*TASK GOAL:*
Using the listing below, set down each line from the line containing "(simp add: s_def)" through the line containing "(intro divide_left_mono) auto", both ends included, exactly and with nothing added.

=== RECORDED INFORMATION ===

(* For every $\varepsilon>0$ and integer $k\ge2$ there exist $\delta,\eta>0$ such that for all $n>1/\eta$ and all $\mu\in\mathcal P(\Omega^n)$ the following holds. If for any two $(\delta,k)$-states $S_1,S_2$ of $\mu$ with $\mu(S_1),\mu(S_2)\ge\eta$ we have $\frac1n\sum_{x\in[n]}\|\mu_{\downarrow x}[\cdot|S_1]-\mu_{\downarrow x}[\cdot|S_2]\|_{TV}<\delta$, then $\mu$ is $(\varepsilon,k)$-symmetric.
   Context: $\Omega$ is a fixed finite nonempty set, $\mathcal P(\mathcal X)$ the set of probability measures on a finite set $\mathcal X$, $\|\cdot\|_{TV}$ total variation. For $\mu\in\mathcal P(\Omega^n)$ and $S\subset\Omega^n$ with $\mu(S)>0$, $\mu[\cdot|S]$ is the conditional measure; for $x_1,\dots,x_k\in[n]$, $\mu_{\downarrow\{x_1,\dots,x_k\}}[\cdot|S]$ denotes the joint law of $(\boldsymbol\sigma(x_1),\dots,\boldsymbol\sigma(x_k))$ for $\boldsymbol\sigma\sim\mu[\cdot|S]$ and $\mu_{\downarrow x}[\cdot|S]$ the law of $\boldsymbol\sigma(x)$. A set $S\subset\Omega^n$ is an $(\varepsilon,k)$-state of $\mu$ if $\mu(S)>0$ and $\frac1{n^k}\sum_{x_1,\dots,x_k\in[n]}\|\mu_{\downarrow\{x_1,\dots,x_k\}}[\cdot|S]-\mu_{\downarrow x_1}[\cdot|S]\otimes\cdots\otimes\mu_{\downarrow x_k}[\cdot|S]\|_{TV}<\varepsilon$. The measure $\mu$ is $(\varepsilon,k)$-symmetric if $\Omega^n$ itself is an $(\varepsilon,k)$-state of $\mu$. *)

theory Defs
  imports Complex_Main "HOL-Library.FuncSet"
begin
text \<open>From \<open>k\<close>, step \<open>s\<close> times towards the mode: each step multiplies the weight by at least
  \<open>1 - s/l\<close>, and \<open>(1 - s/l)\<^sup>s \<ge> 1/2\<close> by Bernoulli's inequality, so \<open>s + 1\<close> distinct weights are
  at least half the weight at \<open>k\<close>.\<close>

lemma pmf_poisson_le:
  assumes l: "0 < l" and s: "real s ^ 2 \<le> l / 2"
  shows "pmf (poisson_pmf l) k \<le> 2 / (real s + 1)"
proof -
  have sl: "real s \<le> l"
    using s l by (cases "s = 0") (auto simp: power2_eq_square intro: order_trans[of _ "real s * real s"])
  define x where "x = 1 - real s / l"
  have x: "0 \<le> x" "x \<le> 1" using sl l by (auto simp: x_def field_simps)
  have half: "1 / 2 \<le> x ^ i" if "i \<le> s" for i
  proof -
    have "1 / 2 \<le> 1 + real s * (- (real s / l))"
      using s l by (simp add: field_simps power2_eq_square)
    also have "\<dots> \<le> x ^ s"
      unfolding x_def using Bernoulli_inequality[of "- (real s / l)" s] sl l by (simp add: field_simps)
    also have "\<dots> \<le> x ^ i" using that x by (intro power_decreasing) auto
    finally show ?thesis .
  qed
  obtain f where f: "inj_on f {..s}" "\<And>i. i \<le> s \<Longrightarrow> pmf (poisson_pmf l) k * x ^ i \<le> pmf (poisson_pmf l) (f i)"
  proof (cases "real k \<le> l")
    case True
    then show ?thesis
      by (intro that[of "\<lambda>i. k + i"]) (auto simp: inj_on_def x_def intro!: pmf_poisson_shift_up sl l)
  next
    case False
    then show ?thesis
      using sl by (intro that[of "\<lambda>i. k - i"]) (auto simp: inj_on_def x_def intro!: pmf_poisson_shift_down l)
  qed
  have "(real s + 1) * (pmf (poisson_pmf l) k / 2) = (\<Sum>i\<le>s. pmf (poisson_pmf l) k * (1 / 2))"
    by simp
  also have "\<dots> \<le> (\<Sum>i\<le>s. pmf (poisson_pmf l) (f i))"
  proof (intro sum_mono)
    fix i assume "i \<in> {..s}"
    then have "pmf (poisson_pmf l) k * (1 / 2) \<le> pmf (poisson_pmf l) k * x ^ i"
      using half by (intro mult_left_mono) auto
    also have "\<dots> \<le> pmf (poisson_pmf l) (f i)" using f(2) \<open>i \<in> {..s}\<close> by simp
    finally show "pmf (poisson_pmf l) k * (1 / 2) \<le> pmf (poisson_pmf l) (f i)" .
  qed
  also have "\<dots> = measure_pmf.prob (poisson_pmf l) (f ` {..s})"
    using f(1) by (simp add: measure_measure_pmf_finite sum.reindex)
  also have "\<dots> \<le> 1" by (rule measure_pmf.prob_le_1)
  finally show ?thesis by (simp add: field_simps)
qed

lemma pmf_poisson_le_sqrt:
  assumes l: "0 < l"
  shows "pmf (poisson_pmf l) k \<le> 2 * sqrt (2 / l)"
proof -
  define s where "s = nat \<lfloor>sqrt (l / 2)\<rfloor>"
  have lt: "sqrt (l / 2) < real s + 1" using l unfolding s_def by linarith
  have "real s \<le> sqrt (l / 2)" using l by (simp add: s_def)
  then have "real s ^ 2 \<le> sqrt (l / 2) ^ 2" by (intro power_mono) auto
  then have "real s ^ 2 \<le> l / 2" using l by simp
  then have "pmf (poisson_pmf l) k \<le> 2 / (real s + 1)" by (rule pmf_poisson_le[OF l])
  also have "\<dots> \<le> 2 / sqrt (l / 2)" using lt l by (intro divide_left_mono) auto
  also have "\<dots> = 2 * sqrt (2 / l)" using l by (simp add: real_sqrt_divide field_simps)
  finally show ?thesis .
qed

lemma pmf_poisson_beta_d_le:
  assumes "0 < \<delta>"
  shows "pmf (poisson_pmf (beta_d \<delta>)) k \<le> 4 * \<delta>"
proof -
  have "sqrt (2 / beta_d \<delta>) = 2 * \<delta>"
    using assms by (simp add: beta_d_def power2_eq_square real_sqrt_mult)
  then show ?thesis using pmf_poisson_le_sqrt[of "beta_d \<delta>" k] assms by (simp add: beta_d_def)
qed

definition poisson_diff_pmf :: "real \<Rightarrow> int pmf" where
  "poisson_diff_pmf l = map_pmf (\<lambda>(j, k). int j - int k) (pair_pmf (poisson_pmf l) (poisson_pmf l))"

lemma Z1_law_eq: "Z1_law \<delta> = map_pmf (\<lambda>w. \<delta> * of_int w) (poisson_diff_pmf (beta_d \<delta>))"
  unfolding Z1_law_def poisson_diff_pmf_def map_pmf_comp by (intro map_pmf_cong) auto

lemma pmf_map_diff_pair_le:
  assumes B: "\<And>k. pmf B k \<le> e"
  shows "pmf (map_pmf (\<lambda>(j, k). int j - int k) (pair_pmf A B)) w \<le> e"
proof -
  have e: "0 \<le> e" using B[of 0] pmf_nonneg[of B 0] by linarith
  have "pmf (map_pmf (\<lambda>k. int j - int k) B) w \<le> e" for j
  proof -
    have "pmf (map_pmf (\<lambda>k. int j - int k) B) w = measure_pmf.prob B ((\<lambda>k. int j - int k) -` {w})"
      by (rule pmf_map)
    also have "\<dots> \<le> measure_pmf.prob B {nat (int j - w)}"
      by (intro measure_pmf.finite_measure_mono) auto
    also have "\<dots> \<le> e" using B by (simp add: measure_pmf_single)
    finally show ?thesis .
  qed
  then have "(\<integral>\<^sup>+j. pmf (map_pmf (\<lambda>k. int j - int k) B) w \<partial>measure_pmf A) \<le> (\<integral>\<^sup>+j. e \<partial>measure_pmf A)"
    by (intro nn_integral_mono ennreal_leI)
  moreover have "map_pmf (\<lambda>(j, k). int j - int k) (pair_pmf A B) = bind_pmf A (\<lambda>j. map_pmf (\<lambda>k. int j - int k) B)"
    unfolding pair_pmf_def map_bind_pmf by (simp add: map_bind_pmf bind_return_pmf map_pmf_def)
  ultimately show ?thesis
    using e by (simp add: ennreal_pmf_bind[symmetric] measure_pmf.emeasure_space_1)
qed

lemma pmf_poisson_diff_beta_d_le: "0 < \<delta> \<Longrightarrow> pmf (poisson_diff_pmf (beta_d \<delta>)) w \<le> 4 * \<delta>"
  unfolding poisson_diff_pmf_def by (intro pmf_map_diff_pair_le pmf_poisson_beta_d_le)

===

*YOUR SOLUTION:*
  have "real s \<le> sqrt (l / 2)" using l by (simp add: s_def)
  then have "real s ^ 2 \<le> sqrt (l / 2) ^ 2" by (intro power_mono) auto
  then have "real s ^ 2 \<le> l / 2" using l by simp
  then have "pmf (poisson_pmf l) k \<le> 2 / (real s + 1)" by (rule pmf_poisson_le[OF l])
  also have "\<dots> \<le> 2 / sqrt (l / 2)" using lt l by (intro divide_left_mono) auto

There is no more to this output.